🇸🇪 🇵🇱 In WWII, Sweden may have remained officially neutral, but Swedes, well . . .

 🇸🇪 🇵🇱

In WWII, Sweden may have remained officially neutral, but Swedes, well . . .


Everyone who knows a thing or two about that war has heard of Raoul Wallenberg, the rescuer of Hungarian Jews, or Count Bernadotte and his white buses ferrying concentration camp inmates to safety.

 Yet, more Swedes were on the light side of the force. Take Swedish volunteers in Finland, invaded by the USSR. 

Take all these good souls who accepted the Jews smuggled out of Denmark in their homes. Take charming Elna Gistedt.

This operetta singer came to Warsaw in 1922 on a two-week contract, fell madly in love with a Polish businessman, married him and stayed for good.

 By the time WWII broke out in 1939, she’d gotten head over heels with the country too, which loved Elna back for that lyric soprano and charming personality of hers.

 And then, with the German occupation of Poland and Warsaw, the soprano found herself living in a city taken over by the Sopranos.

The German mobsters immediately hit the local people with their organized crime, and, of course, banned artistic activity, unless it was pro-Nazi.

 Few artists went along, and Elna was also thank you but no thank you: under no circumstances would she entertain the Krauts. 

What she would do was open a café in the heart of Warsaw, where she'd employ and shelter Polish performers and save them from starvation or ending up standing blindfolded over a Palmiry mass grave.

Elna could have just flashed her Swedish passport to obtain safe passage to neutral Stockholm, but she had more to do in occupied Warsaw, with all that persecution, injustice and suffering going on around.

 She helped her Polish friends but didn’t forget about the Jews either. 

By late 1940, the Germans had locked them up in the ghetto – but forgot to lock it out from Elsa, who frequently sneaked in with food, medication and consolation.

In late 1942, the fertile Zamość region in eastern General Government saw the launch of a large-scale social engineering operation aiming to replace the local Poles with German settlers. 

Over 100,000 people, 30,000 of them children, were removed, and it was the underage who suffered the most.

 4,000 of them were sent to Germany for denationalization, of older and stronger kid

s sentenced to slave labour, but the young and weak, well . . .

The young and weak, if lucky, would join the elderly in the Rentendörfer [retirement villages], abandoned without any means of living, or – and that was the worse alternative – got sent for annihilation in concentration camps, mainly KL Lublin and KL Auschwitz. 

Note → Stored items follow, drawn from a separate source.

(* Let $G$ be a graph with $n$ vertices, $m\geq 1$ edges and maximum degree $\Delta$, let $\mathcal{L}(G)$ be its line graph, and let $0\leq\alpha\leq 1$. Then $$S_{k}(A_{\alpha}(\mathcal{L}(G)))\leq 2k(\alpha \Delta-1)+(1-\alpha)S_{k}(Q(G))$$ for $1\leq k \leq s$, where $s=\min\{n,m\}$. If $m>n$, then $$S_{k}(A_{\alpha}(\mathcal{L}(G)))\leq 2\alpha k(\Delta-1)+2(1-\alpha)(m-k)$$ for $n+1\leq k \leq m$.
   Context: All graphs are simple and undirected. $A(G)$ is the adjacency matrix, $D(G)$ the diagonal degree matrix, $Q(G)=D(G)+A(G)$ the signless Laplacian, and $A_{\alpha}(G)=\alpha D(G)+(1-\alpha)A(G)$. For a real symmetric matrix $M$ with eigenvalues $\lambda_1(M)\geq\cdots\geq\lambda_n(M)$, $S_k(M)=\sum_{i=1}^k\lambda_i(M)$. The line graph $\mathcal{L}(G)$ has vertex set $E(G)$, two vertices being adjacent iff the corresponding edges of $G$ share an endpoint. *)

theory Defs
  imports "Jordan_Normal_Form.Char_Poly"
begin

text \<open>Eigenvalues (with multiplicity) of a real square matrix whose characteristic
polynomial splits over the reals (e.g. a real symmetric matrix), listed in
non-increasing order.\<close>
definition eigvals :: "real mat \<Rightarrow> real list" where
  "eigvals M = (THE ls. sorted_wrt (\<ge>) ls \<and>
      char_poly M = prod_list (map (\<lambda>a. [:- a, 1:]) ls))"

In early 1943, eastern General Government saw dozens of trains run with their underage cargo to denationalization, exploitation, extinction or extermination centers.

The word got around; people would look out for such transports to intercept a kid here or two there, and Elna Gistedt became one of the trainspotters.

 In March 1943, she borrowed a truck from the Swedish embassy, grabbed all her money and drove southeast, until at a countryside station she saw hundreds of children being sardined into cattle cars. 

The SS wouldn’t let them all go, but Elsa’s cash and jewellery bought 34 of the weakest ones, marked for gas chamber.  

She brought them to Warsaw, and had her friends help oganize treatment before distributing the children in the local families.

 They would be returned to their parents after the war, but meanwhile, these 34 and others needed to be supported, so Elna reckoned that these were the circumstances under which she would, after all, entertain the Krauts. 

Except she told the German patrons enjoying performances in her café that she was fundraising for the Wehrmacht.

She kept doing that until the Warsaw Uprising, which she survived, although her husband didn’t.

 He died of exhaustion in a transit camp near Warsaw, after the Germans, having murdered a big part of the capital population, drove the rest out of the city. 

In the camp, they tried to force Elna to perform for their frontline troops but she’d seen what they’d done to her city. To the Zamość children.

 To Poland. Thank you but no thank you. She left for Sweden. 

After the war, she returned to Poland destroyed by the war, to bombed theatres, to incomplete casts of the same shows and operettas, to perform for decimated Polish audiences.

 Yet, the country was being taken over by the communists, who didn’t want this pre-WWII socialite, widow of a capitalist and citizen of a democratic country to infect the newly promoted working class with decadent ideas of the West. Thank you but no thank you.

In 1949, they made her leave. 33 years later, Elna Gistedt, Polish expat in Swedish exile, died in her home Stockholm, missing a faraway Polish city that had also become her home.